Professional women bringing change to ‘man’agement

Women have overtaken men in top management positions in the U.S. workforce, a recent study has found.

Kim Keister, executive editor of AARP Bulletin, had his curiosity piqued when he read media reports that women had overtaken men in the workforce as a whole. He investigated and found that wasn’t true — but in the process uncovered the fact that women workers now hold 51 per cent of all professional and management occupations.

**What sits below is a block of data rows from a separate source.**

text \<open>The certain event \<open>E \<subseteq> S\<close> makes \<open>t i \<omega> F\<close> depend only on \<open>F \<inter> S\<close>, so the choice made by \<open>SOME\<close>
  in \<^const>\<open>induced_types\<close> is irrelevant.\<close>
lemma induced_types_trace:
  assumes T: "type_space \<Omega> A N M t" and S: "common_certainty_component \<Omega> A N t S"
    and "i \<in> N" "\<omega> \<in> S" "F \<in> A"
  shows "induced_types A S t i \<omega> (F \<inter> S) = t i \<omega> F"
proof -
  interpret algebra \<Omega> A
    using type_space_algebra[OF T] .
  obtain E where E: "E \<in> A" "E \<subseteq> S" "t i \<omega> E = 1"
    using S assms(3,4) unfolding common_certainty_component_def by blast
  have t: "t i \<omega> \<in> pba \<Omega> A"
    using type_space_pba[OF T assms(3)] S assms(4) unfolding common_certainty_component_def by blast
  define F' where "F' = (SOME F'. F' \<in> A \<and> F \<inter> S = F' \<inter> S)"
  have F': "F' \<in> A" "F \<inter> S = F' \<inter> S"
    unfolding F'_def using someI_ex[of "\<lambda>F'. F' \<in> A \<and> F \<inter> S = F' \<inter> S"] assms(5) by blast+
  have "F' \<inter> E = F \<inter> E"
    using F'(2) E(2) by blast
  then have "t i \<omega> F' = t i \<omega> F"
    using pba_Int_certain[OF t E(1,3)] F'(1) assms(5) by metis
  then show ?thesis
    unfolding induced_types_def F'_def by simp
qed

lemma Pi_set_trace_lift:
  assumes T: "type_space \<Omega> A N M t" and S: "common_certainty_component \<Omega> A N t S"
    and "i \<in> N" and P: "P \<in> Pi_set S (trace_field A S) (induced_types A S t) i"
  shows "(\<lambda>F. P (F \<inter> S)) \<in> Pi_set \<Omega> A t i"
  unfolding Pi_set_def
proof (rule algebra.wstar_closure_trace_lift[OF type_space_algebra[OF T]])
  show "S \<subseteq> \<Omega>"
    using S unfolding common_certainty_component_def by blast
  show "t i ` \<Omega> \<subseteq> pba \<Omega> A"
    using type_space_pba[OF T \<open>i \<in> N\<close>] .
  show "\<forall>\<omega>\<in>S. \<forall>F\<in>A. induced_types A S t i \<omega> (F \<inter> S) = t i \<omega> F"
    using induced_types_trace[OF T S \<open>i \<in> N\<close>] by blast
  show "P \<in> wstar_closure S (trace_field A S) (conv_comb (induced_types A S t i ` S))"
    using P unfolding Pi_set_def .
qed

theorem lemma12:
  fixes \<Omega> :: "'w set" and \<A> :: "'w set set" and N :: "'i set"
    and M :: "'i \<Rightarrow> 'w set set" and t :: "'i \<Rightarrow> 'w \<Rightarrow> 'w set \<Rightarrow> real" and S :: "'w set"
  assumes "type_space \<Omega> \<A> N M t"
    and "common_certainty_component \<Omega> \<A> N t S"
    and "consistent S (trace_field \<A> S) N (induced_types \<A> S t)"
  shows "consistent \<Omega> \<A> N t"
  unfolding consistent_def
proof (intro allI impI)
  fix I assume I: "finite I \<and> I \<subseteq> N"
  then obtain P where "P \<in> (\<Inter>i\<in>I. Pi_set S (trace_field \<A> S) (induced_types \<A> S t) i)"
    using assms(3) unfolding consistent_def by blast
  then have "(\<lambda>F. P (F \<inter> S)) \<in> (\<Inter>i\<in>I. Pi_set \<Omega> \<A> t i)"
    using Pi_set_trace_lift[OF assms(1,2)] I by blast
  then show "(\<Inter>i\<in>I. Pi_set \<Omega> \<A> t i) \<noteq> {}"
    by blast
qed

end
lemma split_conservation:
  shows "\<And>s. s \<in> Z \<Longrightarrow> split_flow f z M x s
           - in_flow Z zbs (insert x S) (split_head p z M x) (split_flow f z M x) s = 1"
    and "\<And>s. s \<in> insert x S \<Longrightarrow> split_flow f z M x s
           = in_flow Z zbs (insert x S) (split_head p z M x) (split_flow f z M x) s"
    and "in_flow Z zbs (insert x S) (split_head p z M x) (split_flow f z M x) zbs = real (card Z)"
proof -
  have flZ: "\<And>s. s \<in> Z \<Longrightarrow> f s - in_flow Z zbs S p f s = 1"
    and flS: "\<And>s. s \<in> S \<Longrightarrow> f s = in_flow Z zbs S p f s"
    and flB: "in_flow Z zbs S p f zbs = real (card Z)"
    using fq by (auto simp: is_fqst_def)
  show "split_flow f z M x s
          - in_flow Z zbs (insert x S) (split_head p z M x) (split_flow f z M x) s = 1"
    if s: "s \<in> Z" for s
  proof (cases "s = z")
    case True
    then show ?thesis
      using flZ[OF z] split_in_flow(2) split_setting(12) by (simp add: split_flow_def)
  next
    case False
    moreover have "s \<noteq> x" using s split_setting(9) by blast
    ultimately show ?thesis
      using flZ[OF s] split_in_flow(3) by (simp add: split_flow_def)
  qed
  show "split_flow f z M x s
          = in_flow Z zbs (insert x S) (split_head p z M x) (split_flow f z M x) s"
    if s: "s \<in> insert x S" for s
  proof (cases "s = x")
    case True
    then show ?thesis using split_in_flow(1) by (simp add: split_flow_def)
  next
    case False
    with s have "s \<in> S" by simp
    then show ?thesis
      using False flS split_in_flow(3) split_setting(16) by (auto simp: split_flow_def)
  qed
  show "in_flow Z zbs (insert x S) (split_head p z M x) (split_flow f z M x) zbs = real (card Z)"
    using flB split_in_flow(3) split_setting(2,11) by auto
qed

lemma split_is_fqst: "is_fqst Z zbs (insert x S) (split_head p z M x) (split_flow f z M x)"
  using fq split_setting(9,11) split_edge split_conservation
  unfolding is_fqst_def split_setting(15) reaches_def by auto

text \<open>The new Steiner point x has degree card M + 2, and all old Steiner points keep
  their degree, so the degree bound survives when card M + 2 is large enough.\<close>
lemma split_deg_bounded:
  assumes db: "deg_bounded \<phi> Z zbs S p" and card_M: "\<phi> \<le> card M + 2"
  shows "deg_bounded \<phi> Z zbs (insert x S) (split_head p z M x)"
  unfolding deg_bounded_def
proof
  let ?q = "split_head p z M x"
  fix s assume s: "s \<in> insert x S"
  show "\<phi> \<le> fq_degree Z zbs (insert x S) ?q s"
  proof (cases "s = x")
    case True
    then show ?thesis
      using card_M split_setting(6,8,11) by (simp add: fq_degree_def split_in_nbrs(1))
  next
    case False
    with s have sS: "s \<in> S" by simp
    have sz: "s \<noteq> z"
      using sS split_setting(16) by blast
    let ?A = "in_nbrs Z zbs S p s"
    have "card (in_nbrs Z zbs (insert x S) ?q s) = card ?A"
    proof (cases "s = p z")
      case True
      have "finite ?A" using split_setting(1) by (simp add: in_nbrs_def)
      moreover have "z \<in> ?A" using True split_setting(2) by (simp add: in_nbrs_def)
      moreover have "x \<notin> ?A" using x by (simp add: in_nbrs_def)
      ultimately have "card (insert x (?A - {z})) = card ?A"
        by (metis DiffD1 card_Suc_Diff1 card_insert_disjoint finite_Diff)
      then show ?thesis
        using True split_in_nbrs(3) by simp
    next
      case False
      then show ?thesis using split_in_nbrs(4) \<open>s \<noteq> x\<close> sz by simp
    qed
    then show ?thesis
      using db sS by (simp add: deg_bounded_def fq_degree_def)
  qed
qed

text \<open>Cost of the split tree: the edges z -> p z and w -> z (w in M) are replaced by
  x -> p z, z -> x and w -> x; all other edges are unchanged.\<close>
lemma split_cost:
  "fq_cost Z zbs (insert x S) (split_head p z M x) (split_flow f z M x)
     + f z * (norm (z - p z))^2 + (\<Sum>w\<in>M. f w * (norm (w - z))^2)
   = fq_cost Z zbs S p f + f z * (norm (x - p z))^2 + (f z - sum f M) * (norm (z - x))^2
     + (\<Sum>w\<in>M. f w * (norm (w - x))^2)"
proof -
  let ?q = "split_head p z M x" and ?f' = "split_flow f z M x"
  define N where "N = fq_vertices Z zbs S - {zbs}"
  define R where "R = N - insert z M"
  define g where "g = (\<lambda>w. f w * (norm (w - p w))^2)"
  define g' where "g' = (\<lambda>w. ?f' w * (norm (w - ?q w))^2)"
  have finN: "finite N" using split_setting(1) by (simp add: N_def)
  have zMN: "insert z M \<subseteq> N" using split_setting(2,5) by (auto simp: N_def)
  have xN: "x \<notin> N" using x by (simp add: N_def)
  have old: "fq_cost Z zbs S p f = sum g R + f z * (norm (z - p z))^2 + (\<Sum>w\<in>M. f w * (norm (w - z))^2)"
  proof -
    have "fq_cost Z zbs S p f = sum g R + sum g (insert z M)"
      using sum.subset_diff[OF zMN finN] by (simp add: fq_cost_def g_def N_def R_def)
    also have "sum g (insert z M) = g z + sum g M" using split_setting(6,8) by simp
    also have "sum g M = (\<Sum>w\<in>M. f w * (norm (w - z))^2)"
      using split_setting(5) by (intro sum.cong) (auto simp: g_def)
    finally show ?thesis by (simp add: g_def)
  qed
  have new: "fq_cost Z zbs (insert x S) ?q ?f' = f z * (norm (x - p z))^2 + sum g R
      + (f z - sum f M) * (norm (z - x))^2 + (\<Sum>w\<in>M. f w * (norm (w - x))^2)"
  proof -
    have "fq_cost Z zbs (insert x S) ?q ?f' = g' x + sum g' N"
      using finN xN split_setting(11,15) by (simp add: fq_cost_def g'_def N_def insert_Diff_if)
    also have "sum g' N = sum g' R + sum g' (insert z M)"
      using sum.subset_diff[OF zMN finN] by (simp add: R_def)
    also have "sum g' (insert z M) = g' z + sum g' M" using split_setting(6,8) by simp
    also have "sum g' M = (\<Sum>w\<in>M. f w * (norm (w - x))^2)"
      using split_setting(6,14) by (intro sum.cong) (auto simp: g'_def split_head_def split_flow_def)
    also have "sum g' R = sum g R"
      using xN by (intro sum.cong) (auto simp: R_def g'_def g_def split_head_def split_flow_def)
    also have "g' x = f z * (norm (x - p z))^2"
      by (simp add: g'_def split_head_def split_flow_def)
    also have "g' z = (f z - sum f M) * (norm (z - x))^2"
      using split_setting(12) by (simp add: g'_def split_head_def split_flow_def)
    finally show ?thesis by simp
  qed
  show ?thesis using old new by simp
qed
(* Let $A=(A,\wedge,\vee,\cdot,\to,1)$ be a $\mathsf{DLCMI}$ and $a\in A$. Then $(1\to a)^n\le 1\to a^n$ for every natural number $n$.
   Context: An algebra $(A,\wedge,\vee,\cdot,\to,1)$ of type $(2,2,2,2,0)$ is a $\mathsf{DLCMI}$ if for all $a,b,c\in A$: (1) $(A,\wedge,\vee)$ is a distributive lattice; (2) $1$ is its largest element; (3) $(A,\cdot,1)$ is a commutative monoid; (4) $(a\to b)\wedge(a\to c)=a\to(b\wedge c)$; (5) $(a\to c)\wedge(b\to c)=(a\vee b)\to c$; (6) $a\to a=1$; (7) $(a\vee b)\cdot c=(a\cdot c)\vee(b\cdot c)$; (8) $(a\to b)\cdot(b\to c)\le a\to c$; (9) $a\to b\le (a\cdot c)\to(b\cdot c)$. Powers: $x^0=1$, $x^{m}=x\cdot x^{m-1}$. *)

theory Defs
  imports Main
begin

locale dlcmi =
  fixes m :: "'a::{distrib_lattice, order_top} \<Rightarrow> 'a \<Rightarrow> 'a"
    and imp :: "'a \<Rightarrow> 'a \<Rightarrow> 'a"
  assumes m_assoc: "m (m a b) c = m a (m b c)"
    and m_comm: "m a b = m b a"
    and m_unit: "m top a = a"
    and imp_inf: "inf (imp a b) (imp a c) = imp a (inf b c)"
    and imp_sup: "inf (imp a c) (imp b c) = imp (sup a b) c"
    and imp_refl: "imp a a = top"
    and m_sup: "m (sup a b) c = sup (m a c) (m b c)"
    and imp_trans: "m (imp a b) (imp b c) \<le> imp a c"
    and imp_mono: "imp a b \<le> imp (m a c) (m b c)"

fun mpow :: "('a \<Rightarrow> 'a \<Rightarrow> 'a) \<Rightarrow> 'a::order_top \<Rightarrow> nat \<Rightarrow> 'a" where
  "mpow m x 0 = top"
| "mpow m x (Suc n) = m x (mpow m x n)"

end

theory Submission
  imports Defs
begin

text \<open>The key step is (1 \<rightarrow> x)(1 \<rightarrow> y) \<le> 1 \<rightarrow> xy: axiom (9) with c = x turns
  1 \<rightarrow> y into x \<rightarrow> yx, and then transitivity (8) through x finishes.\<close>

context dlcmi
begin

lemma m_mono_left: "x \<le> y \<Longrightarrow> m x c \<le> m y c"
  by (metis m_sup sup.absorb2 sup.cobounded1)

lemma m_mono_right: "x \<le> y \<Longrightarrow> m c x \<le> m c y"
  using m_mono_left[of x y c] by (simp add: m_comm)

lemma m_imp_top_le: "m (imp top x) (imp top y) \<le> imp top (m x y)"
proof -
  have "imp top y \<le> imp x (m y x)"
    using imp_mono[of top y x] by (simp add: m_unit)
  then have "m (imp top x) (imp top y) \<le> m (imp top x) (imp x (m y x))"
    by (rule m_mono_right)
  also have "\<dots> \<le> imp top (m y x)"
    by (rule imp_trans)
  finally show ?thesis
    by (simp add: m_comm)
qed

lemma mpow_imp_top_le: "mpow m (imp top a) n \<le> imp top (mpow m a n)"
proof (induction n)
  case 0
  show ?case by (simp add: imp_refl)
next
  case (Suc n)
  have "mpow m (imp top a) (Suc n) \<le> m (imp top a) (imp top (mpow m a n))"
    using Suc m_mono_right by simp
  also have "\<dots> \<le> imp top (mpow m a (Suc n))"
    using m_imp_top_le by simp
  finally show ?case .
qed

end

theorem lemma3p7:
  fixes m :: "'a::{distrib_lattice, order_top} \<Rightarrow> 'a \<Rightarrow> 'a"
    and imp :: "'a \<Rightarrow> 'a \<Rightarrow> 'a"
  assumes "dlcmi m imp"
  shows "\<forall>n::nat. mpow m (imp top a) n \<le> imp top (mpow m a n)"
  using dlcmi.mpow_imp_top_le[OF assms] by blast

end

“The fact that there are more women in management positions than men is a recent phenomenon,” he said. Educational trends suggest that number at the top will grow as younger women progress through their careers. Women earn 60 per cent of masters degrees, 58 per cent of all post-secondary degrees, half of the medical degrees and 48 per cent of legal degrees, he says.

While there are women at the pinnacle of power, with Oracle president Safra Catz topping the list with a salary of $42.5 million in 2008, that may not be representative, Keister warned. “I really doubt that women are very well represented at the highest levels of business, but that’s just my instinct.”

Despite the changes at the top of the workforce, his research found women still earn $0.80 for every $1 men take home. He said the gap shows “progress, but there’s a long way to go.”

Another encouraging trend the AARP article pointed to was that while 10 per cent of women older than 50 hold management positions, so do eight per cent of women younger than 50, indicating younger female workers are climbing the corporate ladder quicker.

“I think that’s encouraging because (50+) women in the workforce have had a lot of time to rise to management positions. Under fifty, not so much, yet there’s not much disparity,” he said.

The high levels of university participation among women raises the question of why that doesn’t directly translate to even higher levels of management jobs, but it may be because women tend to delay or pause their careers to raise children more often than men. “We have better-educated mothers to raise better-educated children,” Keister said.

He compared the findings to a 1900 census that found just 20.6 per cent of women “engaged in gainful occupations.”

“We’ve come a long way from the 1900s,” he said.